TLK: Safe mode [again]

Mark Krenz picked up the trail of his sporadic one-man
campaign
to have safe_mode reinstated in PHP 6, explaining
that he hadn’t had time to deal with the discussion back in the day. In his
search for 100% security in a shared environment, Mark was now preparing to
look into mpm_itk as a means to control user access. However,
the best solution he’d found for securing PHP to date was still to run PHP in
safe mode and rely on safe_mode_exec_dir to prevent users from
running arbitrary executables. After lengthy security analysis of the options
available to him, he still hadn’t found anything to replace it. If the PHP
development team could just provide a replacement for
safe_mode_exec_dir, Mark would be much happier.
open_basedir wasn’t a solution; a user could still upload
cat and run something like:


print
exec('/home/myuser/www/cat
/home/otheruser/private/mysqlinfo'
);


Mark realized he’d probably be advised to disable all the exec
functions, ‘but tell that to joe user who wants to be able to run some
popular photo gallery software or blog that needs to run an external command
like ImageMagick’
. He also recognized that an execution directory
restriction would be vulnerable to arbitrary arguments passed to the
restricted programs, but still saw this approach as more safe than any of the
options available. The usual advice, to run Apache in a chroot
jail, struck Mark as ‘unreasonable‘, since it would entail running
200+ instances of Apache on a single server; it also wasn’t trivial to set
up.

Cristian Rodriguez immediately argued that the kind of directory restriction
Mark wanted belongs at the level of the operating system. Removing
safe_mode simply eliminates a false sense of security and makes
it clearer that people should secure their servers better; ‘whoever
convinced you that it is a good thing does not have a clue
.’ Mark replied
tiredly that he felt like he was ‘up against a religion‘. He’d done his
own security analysis and knew what he was talking about, but the term “safe
mode” seemed to short-circuit a lot of peoples’ brains. He asked rhetorically
what could sanely be done at OS level to prevent random program execution by
Apache and its modules? All the suggestions he’d heard so far seemed to come
from those who’d never run a shared user environment; either they simply
wouldn’t work, or they’d be cost prohibitive.

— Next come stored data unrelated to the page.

lemma flow_has_real_derivative:
  assumes flow: "is_flow gradPhi \<Psi>" and diff: "\<phi> differentiable (at (\<Psi> r z))" and r: "0 \<le> r"
  shows "((\<lambda>s. \<phi> (\<Psi> s z)) has_real_derivative Ugen gradPhi \<phi> (\<Psi> r z) - Lstar \<phi> (\<Psi> r z))
           (at r within {0..})"
proof -
  obtain x v where xv: "\<Psi> r z = (x, v)" by fastforce
  have "((\<lambda>s. \<Psi> s z) has_vector_derivative (v, - gradPhi x)) (at r within {0..})"
    using is_flowD(2)[OF flow r, of z] xv by simp
  moreover have "(\<phi> has_derivative frechet_derivative \<phi> (at (x, v))) (at (\<Psi> r z) within (\<lambda>s. \<Psi> s z) ` {0..})"
    using diff xv by (simp add: frechet_derivative_works has_derivative_at_withinI)
  ultimately have "((\<phi> \<circ> (\<lambda>s. \<Psi> s z)) has_vector_derivative frechet_derivative \<phi> (at (x, v)) (v, - gradPhi x))
      (at r within {0..})"
    by (rule vector_derivative_diff_chain_within)
  then show ?thesis
    by (simp add: xv Ugen_def o_def has_real_derivative_iff_has_vector_derivative)
qed

lemma set_nn_integral_decay_bound_Maxw:
  fixes \<phi> :: "'a::euclidean_space \<times> 'a \<Rightarrow> real" and p :: "real \<Rightarrow> 'a"
  assumes nonneg: "\<And>z. 0 \<le> \<phi> z" and int: "\<And>x. integrable lborel (\<lambda>u. \<phi> (x, u) * Maxw u)"
    and cont: "continuous_on {0..\<tau>} (\<lambda>s. \<integral>u. \<phi> (p s, u) * Maxw u \<partial>lborel)"
    and lam: "0 < lam" and K: "0 \<le> K"
  defines "H \<equiv> \<lambda>s. exp (- s) * decay_bound lam K (\<tau> - s) (\<integral>u. \<phi> (p s, u) * Maxw u \<partial>lborel)"
  shows "(\<integral>\<^sup>+ s \<in> {0..\<tau>}. ennreal (exp (- s)) *
            (\<integral>\<^sup>+ u. ennreal (decay_bound lam K (\<tau> - s) (\<phi> (p s, u))) * ennreal (Maxw u) \<partial>lborel) \<partial>lborel)
           = ennreal (integral {0..\<tau>} H)"
    and "0 \<le> integral {0..\<tau>} H"
proof -
  have H_nonneg: "0 \<le> H s" if "s \<in> {0..\<tau>}" for s
    using that lam K nonneg by (simp add: H_def decay_bound_nonneg Maxw_nonneg)
  have H_int: "H integrable_on {0..\<tau>}"
    unfolding H_def decay_bound_def by (intro integrable_continuous_interval continuous_intros cont)
  have "(\<integral>\<^sup>+ u. ennreal (decay_bound lam K (\<tau> - s) (\<phi> (p s, u))) * ennreal (Maxw u) \<partial>lborel)
      = ennreal (decay_bound lam K (\<tau> - s) (\<integral>u. \<phi> (p s, u) * Maxw u \<partial>lborel))" if "s \<in> {0..\<tau>}" for s
    unfolding decay_bound_def
    using that lam K by (intro nn_integral_affine_Maxw nonneg int mult_nonneg_nonneg) auto
  then have "(\<integral>\<^sup>+ s \<in> {0..\<tau>}. ennreal (exp (- s)) *
      (\<integral>\<^sup>+ u. ennreal (decay_bound lam K (\<tau> - s) (\<phi> (p s, u))) * ennreal (Maxw u) \<partial>lborel) \<partial>lborel)
      = (\<integral>\<^sup>+ s \<in> {0..\<tau>}. ennreal (H s) \<partial>lborel)"
    by (intro nn_integral_cong) (simp add: H_def ennreal_mult' split: split_indicator)
  also have "\<dots> = ennreal (integral {0..\<tau>} H)"
    using H_nonneg H_int by (intro nn_integral_has_integral_lebesgue' integrable_integral) auto
  finally show "(\<integral>\<^sup>+ s \<in> {0..\<tau>}. ennreal (exp (- s)) *
      (\<integral>\<^sup>+ u. ennreal (decay_bound lam K (\<tau> - s) (\<phi> (p s, u))) * ennreal (Maxw u) \<partial>lborel) \<partial>lborel)
      = ennreal (integral {0..\<tau>} H)" .
  show "0 \<le> integral {0..\<tau>} H"
    using H_nonneg H_int by (intro integral_nonneg) auto
qed
lemma detect_periodize_prefix_le:
  assumes "i < m" "e \<in> s i" "t < H"
  shows "of_nat K * detect s e (periodize H m \<sigma>) t
     \<le> of_nat (Suc K) * detect s e \<sigma> t + of_nat (if H - t < m * K then K * m else 0)"
proof (cases "\<exists>h<H - t. e \<in> s (\<sigma> (t + h))")
  case True
  then obtain h where "h < H - t" "e \<in> s (\<sigma> (t + h))" by blast
  from \<open>e \<in> s (\<sigma> (t + h))\<close> obtain l
    where "l \<le> h" and hit: "e \<in> s (\<sigma> (t + l))" and detect_eq: "detect s e \<sigma> t = of_nat (Suc l)"
    by (rule detect_first_hit)
  have "periodize H m \<sigma> (t + l) = \<sigma> (t + l)"
    using \<open>l \<le> h\<close> \<open>h < H - t\<close> by (intro periodize_prefix) simp
  then have "detect s e (periodize H m \<sigma>) t \<le> detect s e \<sigma> t"
    using hit detect_le_Suc[of e s "periodize H m \<sigma>" t l] detect_eq by simp
  then have "of_nat K * detect s e (periodize H m \<sigma>) t \<le> of_nat (Suc K) * detect s e \<sigma> t"
    by (intro mult_mono) auto
  then show ?thesis by (simp add: add_increasing2)
next
  case False
  then have lower: "of_nat (Suc (H - t)) \<le> detect s e \<sigma> t"
    by (intro Suc_le_detect) auto
  have "t + (H + i - t) = H + i" using assms by simp
  then have "e \<in> s (periodize H m \<sigma> (t + (H + i - t)))"
    using periodize_sweep[of i m H \<sigma>] assms by simp
  then have "detect s e (periodize H m \<sigma>) t \<le> of_nat (Suc (H + i - t))"
    by (rule detect_le_Suc)
  also have "\<dots> \<le> of_nat (H - t + m)" using assms by (simp only: of_nat_le_iff)
  finally have upper: "detect s e (periodize H m \<sigma>) t \<le> of_nat (H - t + m)" .
  show ?thesis
  proof (cases "detect s e \<sigma> t = \<infinity>")
    case False
    then obtain n where n: "detect s e \<sigma> t = of_nat n" using detect_eq_top_or_of_nat[of s e \<sigma> t] by blast
    have "Suc (H - t) \<le> n" using lower unfolding n by (simp only: of_nat_le_iff)
    have "of_nat K * detect s e (periodize H m \<sigma>) t \<le> of_nat K * (of_nat (H - t + m) :: ennreal)"
      using upper by (rule mult_left_mono) simp
    also have "\<dots> = of_nat (K * (H - t + m))" by (simp only: of_nat_mult)
    also have "\<dots> \<le> of_nat (Suc K * n + (if H - t < m * K then K * m else 0))"
      using amortized_overshoot_le[of "H - t" n K m] \<open>Suc (H - t) \<le> n\<close>
      by (simp only: of_nat_le_iff)
    also have "\<dots> = of_nat (Suc K) * detect s e \<sigma> t + of_nat (if H - t < m * K then K * m else 0)"
      unfolding n by (simp only: of_nat_add of_nat_mult)
    finally show ?thesis .
  qed (simp add: ennreal_mult_top)
qed

lemma detect_periodize_sweep_le:
  assumes "i < m" "e \<in> s i" "H \<le> t" "t < H + m"
  shows "detect s e (periodize H m \<sigma>) t \<le> of_nat m + detect s e \<sigma> 0"
proof (cases "\<exists>h<H. e \<in> s (\<sigma> h)")
  case True
  then obtain h where "h < H" "e \<in> s (\<sigma> (0 + h))" by auto
  from \<open>e \<in> s (\<sigma> (0 + h))\<close> obtain l where "l \<le> h" and hit: "e \<in> s (\<sigma> (0 + l))"
    and detect_eq: "detect s e \<sigma> 0 = of_nat (Suc l)"
    by (rule detect_first_hit)
  have "periodize H m \<sigma> (l + (H + m)) = \<sigma> l"
    using periodize_add_period[of H m \<sigma> l] periodize_prefix[of l H m \<sigma>] \<open>l \<le> h\<close> \<open>h < H\<close> by simp
  moreover have "t + (H + m + l - t) = l + (H + m)" using assms by simp
  ultimately have "e \<in> s (periodize H m \<sigma> (t + (H + m + l - t)))" using hit by simp
  then have "detect s e (periodize H m \<sigma>) t \<le> of_nat (Suc (H + m + l - t))" by (rule detect_le_Suc)
  also have "\<dots> \<le> of_nat (m + Suc l)" using assms by (simp only: of_nat_le_iff)
  also have "\<dots> = of_nat m + detect s e \<sigma> 0" unfolding detect_eq by (simp only: of_nat_add)
  finally show ?thesis .
next
  case False
  then have lower: "of_nat (Suc H) \<le> detect s e \<sigma> 0" by (intro Suc_le_detect) auto
  have "detect s e (periodize H m \<sigma>) t \<le> of_nat (H + m)"
    using assms by (intro detect_periodize_le_period)
  also have "\<dots> \<le> of_nat m + (of_nat (Suc H) :: ennreal)" by (simp del: of_nat_Suc)
  also have "\<dots> \<le> of_nat m + detect s e \<sigma> 0" using lower by (rule add_left_mono)
  finally show ?thesis .
qed

lemma sum_if_last_le: "(\<Sum>t<H. if H - t < c then a else 0) \<le> a * (c :: nat)"
proof -
  have "(\<Sum>t<H. if H - t < c then a else 0) = (\<Sum>t\<in>{H - c..<H}. if H - t < c then a else 0)"
    by (rule sum.mono_neutral_right) auto
  also have "\<dots> \<le> (\<Sum>t\<in>{H - c..<H}. a)" by (rule sum_mono) simp
  also have "\<dots> = a * (H - (H - c))" by simp
  also have "\<dots> \<le> a * c" by (intro mult_le_mono2) simp
  finally show ?thesis .
qed
(* Under the standing setting below, let $\alpha>0$, $C_0>0$, let $(x_0,y_0)$ satisfy $h(x_0,y_0)\le\alpha^2C_0$, take $\rho(x,y)=\|\nabla h(x,y)\|\,h(x_0,y_0)^{1/2}$, fix an integer $K\ge1$ and $\gamma=\min\{K^{-2/3},1/L_f\}$, and run the Algorithm. Define $B_\Delta=2C_f+\alpha^2\sqrt{C_0}$. Then $$\frac1K\sum_{k=0}^{K-1}\big(\|\Delta_k^x\|^2+\|\Delta_k^y\|^2\big)\le\frac{2(f_0-\bar f)}{\gamma K}+\alpha^2(B_\Delta^2+C_0),$$ and $$\frac1K\sum_{k=0}^{K-1}h_k\le\alpha^2C_0+\frac{\gamma^2L_hB_\Delta^2}{2}\cdot\frac{K-1}{2},$$ where $f_0=f(x_0,y_0)$.
   Context: Standing setting. $f,g:\mathbb{R}^n\times\mathbb{R}^m\to\mathbb{R}$. $f$ is continuously differentiable, $\bar f:=\inf f>-\infty$, $\nabla f$ is $L_f$-Lipschitz, and $\|\nabla f\|\le C_f$ everywhere. $g$ is twice continuously differentiable, and $h(x,y):=\|\nabla_y g(x,y)\|^2$ is continuously differentiable with $\nabla h$ being $L_h$-Lipschitz ($L_h>0$). Write $\nabla h=(\nabla_x h,\nabla_y h)$, $f_k=f(x_k,y_k)$, $h_k=h(x_k,y_k)$, $\nabla f_k=\nabla f(x_k,y_k)$, $\nabla h_k=\nabla h(x_k,y_k)$, etc. Given $\rho\ge0$, $\alpha,\gamma>0$, $(x_0,y_0)$, the Algorithm iterates for $k\ge0$: $\lambda_k=\big[-\nabla_x h_k^\top\nabla_x f_k-\nabla_y h_k^\top\nabla_y f_k+\alpha\rho(x_k,y_k)\big]_+/(\|\nabla_x h_k\|^2+\|\nabla_y h_k\|^2)$ if $\nabla h_k\ne0$, $\lambda_k=0$ otherwise ($[t]_+=\max\{0,t\}$); $\Delta_k^x=-\nabla_x f_k-\lambda_k\nabla_x h_k$, $\Delta_k^y=-\nabla_y f_k-\lambda_k\nabla_y h_k$; $x_{k+1}=x_k+\gamma\Delta_k^x$, $y_{k+1}=y_k+\gamma\Delta_k^y$. *)

theory Defs
  imports "HOL-Analysis.Analysis"
begin

text \<open>Points of R^n x R^m are pairs; a gradient G :: point => point has
  components fst (G p) = partial gradient in x, snd (G p) = partial gradient in y.\<close>

type_synonym ('n,'m) pt = "(real^'n) \<times> (real^'m)"

definition alg_lambda ::
  "(('n::finite,'m::finite) pt \<Rightarrow> ('n,'m) pt) \<Rightarrow> (('n,'m) pt \<Rightarrow> ('n,'m) pt)
   \<Rightarrow> (('n,'m) pt \<Rightarrow> real) \<Rightarrow> real \<Rightarrow> ('n,'m) pt \<Rightarrow> real" where
  "alg_lambda Gf Gh rho \<alpha> p =
     (if Gh p \<noteq> 0 then
        max 0 (- (fst (Gh p) \<bullet> fst (Gf p)) - (snd (Gh p) \<bullet> snd (Gf p)) + \<alpha> * rho p)
        / ((norm (fst (Gh p)))\<^sup>2 + (norm (snd (Gh p)))\<^sup>2)
      else 0)"

definition alg_dir ::
  "(('n::finite,'m::finite) pt \<Rightarrow> ('n,'m) pt) \<Rightarrow> (('n,'m) pt \<Rightarrow> ('n,'m) pt)
   \<Rightarrow> (('n,'m) pt \<Rightarrow> real) \<Rightarrow> real \<Rightarrow> ('n,'m) pt \<Rightarrow> ('n,'m) pt" where
  "alg_dir Gf Gh rho \<alpha> p =
     (- fst (Gf p) - alg_lambda Gf Gh rho \<alpha> p *\<^sub>R fst (Gh p),
      - snd (Gf p) - alg_lambda Gf Gh rho \<alpha> p *\<^sub>R snd (Gh p))"

primrec alg_iter ::
  "(('n::finite,'m::finite) pt \<Rightarrow> ('n,'m) pt) \<Rightarrow> (('n,'m) pt \<Rightarrow> ('n,'m) pt)
   \<Rightarrow> (('n,'m) pt \<Rightarrow> real) \<Rightarrow> real \<Rightarrow> real \<Rightarrow> ('n,'m) pt \<Rightarrow> nat \<Rightarrow> ('n,'m) pt" where
  "alg_iter Gf Gh rho \<alpha> \<gamma> p0 0 = p0"
| "alg_iter Gf Gh rho \<alpha> \<gamma> p0 (Suc k) =
     (let p = alg_iter Gf Gh rho \<alpha> \<gamma> p0 k
      in (fst p + \<gamma> *\<^sub>R fst (alg_dir Gf Gh rho \<alpha> p),
          snd p + \<gamma> *\<^sub>R snd (alg_dir Gf Gh rho \<alpha> p)))"

end

theory Submission
  imports Defs
begin

(*
  The direction \<Delta> = -\<nabla>f - \<lambda>\<nabla>h uses the least \<lambda> \<ge> 0 with \<nabla>h\<cdot>\<Delta> \<le> -\<alpha> s |\<nabla>h|, where
  s = h(x0,y0)^(1/2).  Hence \<nabla>h\<cdot>\<Delta> \<le> 0 and |\<Delta>| \<le> 2|\<nabla>f| + \<alpha> s \<le> B_\<Delta>, so the descent
  lemma for the L_h-smooth h gives h_(k+1) \<le> h_k + L_h \<gamma>^2 B_\<Delta>^2 / 2: h grows at most
  linearly along the iterates, and averaging gives the second bound.
  For f, \<nabla>f\<cdot>\<Delta> = -|\<Delta>|^2 - \<lambda> \<nabla>h\<cdot>\<Delta>, and the correction -\<lambda> \<nabla>h\<cdot>\<Delta> is either 0 or
  \<alpha> s \<lambda> |\<nabla>h| \<le> \<alpha> s (|\<nabla>f| + \<alpha> s).  With \<gamma> L_f \<le> 1 the descent lemma for f gives
  f_(k+1) \<le> f_k - \<gamma> |\<Delta>_k|^2 / 2 + \<gamma> \<alpha> s (C_f + \<alpha> s), and telescoping against inf f
  gives the first bound.
*)

lemma descent_lemma:
  fixes f :: "'a::real_inner \<Rightarrow> real"
  assumes grad: "\<And>p. (f has_derivative (\<lambda>d. G p \<bullet> d)) (at p)"
    and lip: "L-lipschitz_on UNIV G"
  shows "f q \<le> f p + G p \<bullet> (q - p) + L / 2 * (norm (q - p))\<^sup>2"
proof -
  define d where "d = q - p"
  define \<phi> where "\<phi> t = f (p + t *\<^sub>R d) - t * (G p \<bullet> d) - L / 2 * t\<^sup>2 * (norm d)\<^sup>2" for t
  have "\<phi> 1 \<le> \<phi> 0"
  proof (rule DERIV_nonpos_imp_nonincreasing[of 0 1])
    fix t :: real assume t: "0 \<le> t" "t \<le> 1"
    have "((\<lambda>t. p + t *\<^sub>R d) has_derivative (\<lambda>s. s *\<^sub>R d)) (at t)"
      by (auto intro!: derivative_eq_intros)
    from has_derivative_compose[OF this grad]
    have "((\<lambda>t. f (p + t *\<^sub>R d)) has_real_derivative (G (p + t *\<^sub>R d) \<bullet> d)) (at t)"
      by (simp add: has_field_derivative_def mult.commute[of _ "G _ \<bullet> d"])
    then have "(\<phi> has_real_derivative (G (p + t *\<^sub>R d) - G p) \<bullet> d - L * t * (norm d)\<^sup>2) (at t)"
      unfolding \<phi>_def by (auto intro!: derivative_eq_intros simp: inner_diff_left)
    moreover have "(G (p + t *\<^sub>R d) - G p) \<bullet> d \<le> L * t * (norm d)\<^sup>2"
    proof -
      have "(G (p + t *\<^sub>R d) - G p) \<bullet> d \<le> norm (G (p + t *\<^sub>R d) - G p) * norm d"
        by (rule norm_cauchy_schwarz)
      also have "\<dots> \<le> L * norm (t *\<^sub>R d) * norm d"
        using lipschitz_onD[OF lip, of "p + t *\<^sub>R d" p]
        by (intro mult_right_mono) (auto simp: dist_norm)
      finally show ?thesis using t by (simp add: power2_eq_square mult.assoc)
    qed
    ultimately show "\<exists>y. (\<phi> has_real_derivative y) (at t) \<and> y \<le> 0"
      by (metis diff_le_0_iff_le)
  qed simp
  then show ?thesis unfolding \<phi>_def d_def by simp
qed

lemma mean_le_of_sufficient_decrease:
  fixes a b :: "nat \<Rightarrow> real"
  assumes step: "\<And>k. a (Suc k) \<le> a k - \<gamma> / 2 * b k + \<gamma> * e"
    and lower: "\<And>k. m \<le> a k" and "\<gamma> > 0" "K > 0"
  shows "(1 / real K) * (\<Sum>k<K. b k) \<le> 2 * (a 0 - m) / (\<gamma> * real K) + 2 * e"
proof -
  have "\<gamma> / 2 * b k \<le> a k - a (Suc k) + \<gamma> * e" for k
    using step[of k] by linarith
  then have "(\<Sum>k<K. \<gamma> / 2 * b k) \<le> (\<Sum>k<K. a k - a (Suc k) + \<gamma> * e)"
    by (rule sum_mono)
  also have "\<dots> = a 0 - a K + real K * (\<gamma> * e)"
    by (simp add: sum.distrib sum_lessThan_telescope')
  finally have "\<gamma> / 2 * (\<Sum>k<K. b k) \<le> a 0 - m + real K * (\<gamma> * e)"
    using lower[of K] by (simp add: sum_distrib_left)
  with assms(3,4) show ?thesis
    by (simp add: field_simps)
qed

lemma mean_le_of_bounded_increments:
  fixes a :: "nat \<Rightarrow> real"
  assumes step: "\<And>k. a (Suc k) \<le> a k + d" and "K > 0"
  shows "(1 / real K) * (\<Sum>k<K. a k) \<le> a 0 + d * ((real K - 1) / 2)"
proof -
  have bound: "a k \<le> a 0 + real k * d" for k
  proof (induction k)
    case (Suc k)
    then show ?case using step[of k] by (simp add: distrib_right)
  qed simp
  have "(\<Sum>k<K. a k) \<le> (\<Sum>k<K. a 0 + real k * d)"
    using bound by (rule sum_mono)
  also have "\<dots> = real K * a 0 + d * (\<Sum>k<K. real k)"
    by (simp add: sum.distrib sum_distrib_left mult.commute)
  also have "(\<Sum>k<K. real k) = real K * (real K - 1) / 2"
    by (induction K) (auto simp: field_simps)
  finally show ?thesis
    using \<open>K > 0\<close> by (simp add: field_simps)
qed

text \<open>With \<open>\<rho>(p) = |\<nabla>h(p)| s\<close>, the multiplier \<open>\<lambda>\<^sub>k\<close> and direction \<open>\<Delta>\<^sub>k\<close> of the Algorithm are
  \<open>constrained_multiplier (\<alpha> s)\<close> and \<open>constrained_dir (\<alpha> s)\<close> evaluated at \<open>(\<nabla>f, \<nabla>h)\<close>.\<close>

definition constrained_multiplier :: "real \<Rightarrow> 'a::real_inner \<Rightarrow> 'a \<Rightarrow> real" where
  "constrained_multiplier c gf gh =
     (if gh \<noteq> 0 then max 0 (c * norm gh - gh \<bullet> gf) / (norm gh)\<^sup>2 else 0)"

definition constrained_dir :: "real \<Rightarrow> 'a::real_inner \<Rightarrow> 'a \<Rightarrow> 'a" where
  "constrained_dir c gf gh = - gf - constrained_multiplier c gf gh *\<^sub>R gh"

lemma constrained_multiplier_nonneg: "constrained_multiplier c gf gh \<ge> 0"
  by (simp add: constrained_multiplier_def)

lemma constrained_multiplier_mult_norm_le:
  assumes "c \<ge> 0"
  shows "constrained_multiplier c gf gh * norm gh \<le> norm gf + c"
proof (cases "gh = 0")
  case False
  have "max 0 (c * norm gh - gh \<bullet> gf) \<le> (norm gf + c) * norm gh"
    using assms Cauchy_Schwarz_ineq2[of gh gf] by (auto simp: algebra_simps)
  then show ?thesis
    using False by (simp add: constrained_multiplier_def power2_eq_square divide_le_eq)
qed (simp add: constrained_multiplier_def assms)

lemma inner_constrained_dir:
  "gh \<bullet> constrained_dir c gf gh = - (gh \<bullet> gf) - constrained_multiplier c gf gh * (norm gh)\<^sup>2"
  by (simp add: constrained_dir_def inner_diff_right power2_norm_eq_inner)

lemma inner_constrained_dir_active:
  assumes "constrained_multiplier c gf gh \<noteq> 0"
  shows "gh \<bullet> constrained_dir c gf gh = - c * norm gh"
proof -
  from assms have "gh \<noteq> 0" and "c * norm gh - gh \<bullet> gf > 0"
    by (auto simp: constrained_multiplier_def split: if_splits)
  then show ?thesis
    by (simp add: inner_constrained_dir constrained_multiplier_def)
qed

lemma inner_constrained_dir_le: "gh \<bullet> constrained_dir c gf gh \<le> - c * norm gh"
proof (cases "gh = 0")
  case False
  then show ?thesis
    by (simp add: inner_constrained_dir constrained_multiplier_def)
qed (simp add: constrained_dir_def)

lemma norm_constrained_dir_le:
  assumes "c \<ge> 0"
  shows "norm (constrained_dir c gf gh) \<le> 2 * norm gf + c"
proof -
  have "norm (constrained_dir c gf gh) \<le> norm gf + constrained_multiplier c gf gh * norm gh"
    unfolding constrained_dir_def using constrained_multiplier_nonneg[of c gf gh]
    by (metis abs_of_nonneg norm_minus_cancel norm_scaleR norm_triangle_ineq4)
  then show ?thesis
    using constrained_multiplier_mult_norm_le[OF assms, of gf gh] by simp
qed

lemma inner_grad_constrained_dir_le:
  fixes gf gh :: "'a::real_inner"
  assumes "c \<ge> 0"
  defines "D \<equiv> constrained_dir c gf gh"
  shows "gf \<bullet> D \<le> - (norm D)\<^sup>2 + c * (norm gf + c)"
proof -
  let ?\<mu> = "constrained_multiplier c gf gh"
  have "gf \<bullet> D = (- D - ?\<mu> *\<^sub>R gh) \<bullet> D"
    by (simp add: D_def constrained_dir_def)
  also have "\<dots> = - (norm D)\<^sup>2 - ?\<mu> * (gh \<bullet> D)"
    by (simp add: inner_diff_left power2_norm_eq_inner)
  finally have "gf \<bullet> D = - (norm D)\<^sup>2 - ?\<mu> * (gh \<bullet> D)" .
  moreover have "- ?\<mu> * (gh \<bullet> D) \<le> c * (norm gf + c)"
  proof (cases "?\<mu> = 0")
    case True
    then show ?thesis using assms by simp
  next
    case False
    then have "- ?\<mu> * (gh \<bullet> D) = c * (?\<mu> * norm gh)"
      by (simp add: D_def inner_constrained_dir_active)
    also have "\<dots> \<le> c * (norm gf + c)"
      using assms constrained_multiplier_mult_norm_le by (intro mult_left_mono)
    finally show ?thesis .
  qed
  ultimately show ?thesis by linarith
qed
lemma integral_cos_phase_by_parts:
  fixes \<theta> \<omega> g h h' :: "real \<Rightarrow> real"
  assumes "0 \<le> T"
    and \<theta>: "\<And>s. s \<in> {0..T} \<Longrightarrow> (\<theta> has_real_derivative \<omega> s + \<sigma> * g s * sin (\<theta> s)) (at s within {0..T})"
    and h: "\<And>s. s \<in> {0..T} \<Longrightarrow> (h has_real_derivative h' s) (at s within {0..T})"
    and h_\<omega>: "\<And>s. s \<in> {0..T} \<Longrightarrow> h s * \<omega> s = g s"
    and g: "continuous_on {0..T} g" and h': "continuous_on {0..T} h'"
  shows "integral {0..T} (\<lambda>s. g s * cos (\<theta> s)) = h T * sin (\<theta> T) - h 0 * sin (\<theta> 0)
     - integral {0..T} (\<lambda>s. h' s * sin (\<theta> s))
     - \<sigma> * integral {0..T} (\<lambda>s. g s * h s * (sin (\<theta> s) * cos (\<theta> s)))"
proof -
  from DERIV_continuous_on[OF \<theta>] DERIV_continuous_on[OF h]
  have int: "(\<lambda>s. h' s * sin (\<theta> s)) integrable_on {0..T}"
      "(\<lambda>s. g s * h s * (sin (\<theta> s) * cos (\<theta> s))) integrable_on {0..T}"
    using g h' by (auto intro!: integrable_continuous_real continuous_intros)
  have "((\<lambda>s. h' s * sin (\<theta> s) + g s * cos (\<theta> s) + \<sigma> * (g s * h s * (sin (\<theta> s) * cos (\<theta> s))))
      has_integral h T * sin (\<theta> T) - h 0 * sin (\<theta> 0)) {0..T}"
  proof (rule fundamental_theorem_of_calculus[OF \<open>0 \<le> T\<close>])
    fix s assume s: "s \<in> {0..T}"
    have "((\<lambda>s. h s * sin (\<theta> s)) has_real_derivative
        h' s * sin (\<theta> s) + h s * (cos (\<theta> s) * (\<omega> s + \<sigma> * g s * sin (\<theta> s)))) (at s within {0..T})"
      by (auto intro!: derivative_eq_intros h[OF s] \<theta>[OF s])
    moreover have "h s * (cos (\<theta> s) * (\<omega> s + \<sigma> * g s * sin (\<theta> s)))
        = g s * cos (\<theta> s) + \<sigma> * (g s * h s * (sin (\<theta> s) * cos (\<theta> s)))"
      by (simp add: algebra_simps flip: h_\<omega>[OF s])
    ultimately show "((\<lambda>s. h s * sin (\<theta> s)) has_vector_derivative
        h' s * sin (\<theta> s) + g s * cos (\<theta> s) + \<sigma> * (g s * h s * (sin (\<theta> s) * cos (\<theta> s)))) (at s within {0..T})"
      by (simp add: has_real_derivative_iff_has_vector_derivative add.assoc)
  qed
  then have "((\<lambda>s. h' s * sin (\<theta> s) + g s * cos (\<theta> s) + \<sigma> * (g s * h s * (sin (\<theta> s) * cos (\<theta> s)))
        - h' s * sin (\<theta> s) - \<sigma> * (g s * h s * (sin (\<theta> s) * cos (\<theta> s))))
      has_integral h T * sin (\<theta> T) - h 0 * sin (\<theta> 0) - integral {0..T} (\<lambda>s. h' s * sin (\<theta> s))
        - \<sigma> * integral {0..T} (\<lambda>s. g s * h s * (sin (\<theta> s) * cos (\<theta> s)))) {0..T}"
    using int by (intro has_integral_diff has_integral_mult_right integrable_integral)
  then show ?thesis
    by (simp add: integral_unique)
qed

lemma abs_mult_le_of_abs_le_one:
  fixes x y a :: real
  assumes "\<bar>x\<bar> \<le> a" "\<bar>y\<bar> \<le> 1"
  shows "\<bar>x * y\<bar> \<le> a"
  using assms mult_left_le[of "\<bar>y\<bar>" "\<bar>x\<bar>"] by (simp add: abs_mult)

At this stage Mark altered his plea slightly and made a more reasonable
request for ‘a transition period in which sane solutions are presented to
the community
‘. Simply dropping safe_mode and telling
everyone to deal with it was irresponsible; tools for dealing with it should
be made available, and those tools should include such things as a setting to
prevent execution outside a named directory.

Alexey Zakhlestin recommended a combination of FastCGI and
suexec, which would give every user their own instance of PHP
with the uid as owner, and cited Textdrive/Joyent as a hosting provider
happily using this approach. Mark promptly produced a
document
suggesting they had poor security, and argued that for
him at least, relying on security by obscurity would mean sleepless
nights. Alexey queried this; had Mark simply ignored the FastCGI part? Mark
replied in the negative; he simply didn’t feel that fastcgi/suexec/mod_suphp
were able to handle everything. Besides, wasn’t the whole point of PHP
originally supposed to be that it was part of Apache? (It later became clear
that Mark hadn’t actually tried the FastCGI approach in recent years.)

Michael McGlothlin wondered why Mark didn’t just give every user their own
virtual machine. Mark explained that he offers tiered hosting; some of his
users pay for precisely that, but mega-cheap hosting is only financially
viable if there are a couple of hundred users per machine. Michael ran
through a few possibilities before conceding that any good solution would be
more resource intensive than safe_mode. The best he could offer
for ‘people who only want to pay $5/mo‘ was to keep them on PHP 5
forever.

Nate Gordon provided some backing for Mark’s arguments; he pointed out that
it’s not always possible to run a script as a single user in a shared
environment, because the content may be owned by a group of users. He didn’t
see how it could be difficult to lock down execution to a specific directory
on a per-vhost basis via PHP, given that PHP provides the means for
execution. Nate added that he would be the first to acknowledge that the
basic premise of safe_mode is broken. What he really needed was
the ability to disable execution of anything other than PHP on a per-vhost
basis. Stefan Esser’s suhosin project provides a
per-vhost function disabling feature, but Nate really didn’t understand why
it should be left to an extension to provide that. He’d also like a per-vhost
exec_dir limit… ‘People are too quick to throw out the baby
with the bath water on safe_mode. It isn’t completely useless to
everyone
.’

Peter Brodersen noted that the idea of unbundling
safe_mode_exec_dir from safe_mode had come up before now and
shelved for “later”; perhaps now was later. Basically, the need was
for a central switch for exec functions, rather than a long and
changeable list under disable_functions.

Mark couldn’t have agreed more. His biggest concern was that Linux distros
would start bundling PHP 6 before it had that feature. He therefore saw this
as urgent, and wrote that he’d be willing to write documentation or a
migration guide for php.net, if someone could only provide the C skills to
get safe_mode_exec_dir – or some equivalent – into CVS HEAD very
soon.

Short version: Retaining safe_mode_exec_dir has been mooted several
times in the past and never rejected (sorry Tony).

TLK: Ignored patches

Greg Beaver had discovered for himself what it feels like to be on the blunt
end of the patch review process, and he didn’t like it much. Two of his
recent patches – one to implement multiple namespaces
per file (sans brackets)
, and one to remove keyword
restrictions for methods
– had seemingly fallen through the cracks. Greg
wrote rather bitterly that he’d like a review and feedback or even a commit,
so we can still pretend that outsider contributions have an impact on
PHP, even those from annoying people like me.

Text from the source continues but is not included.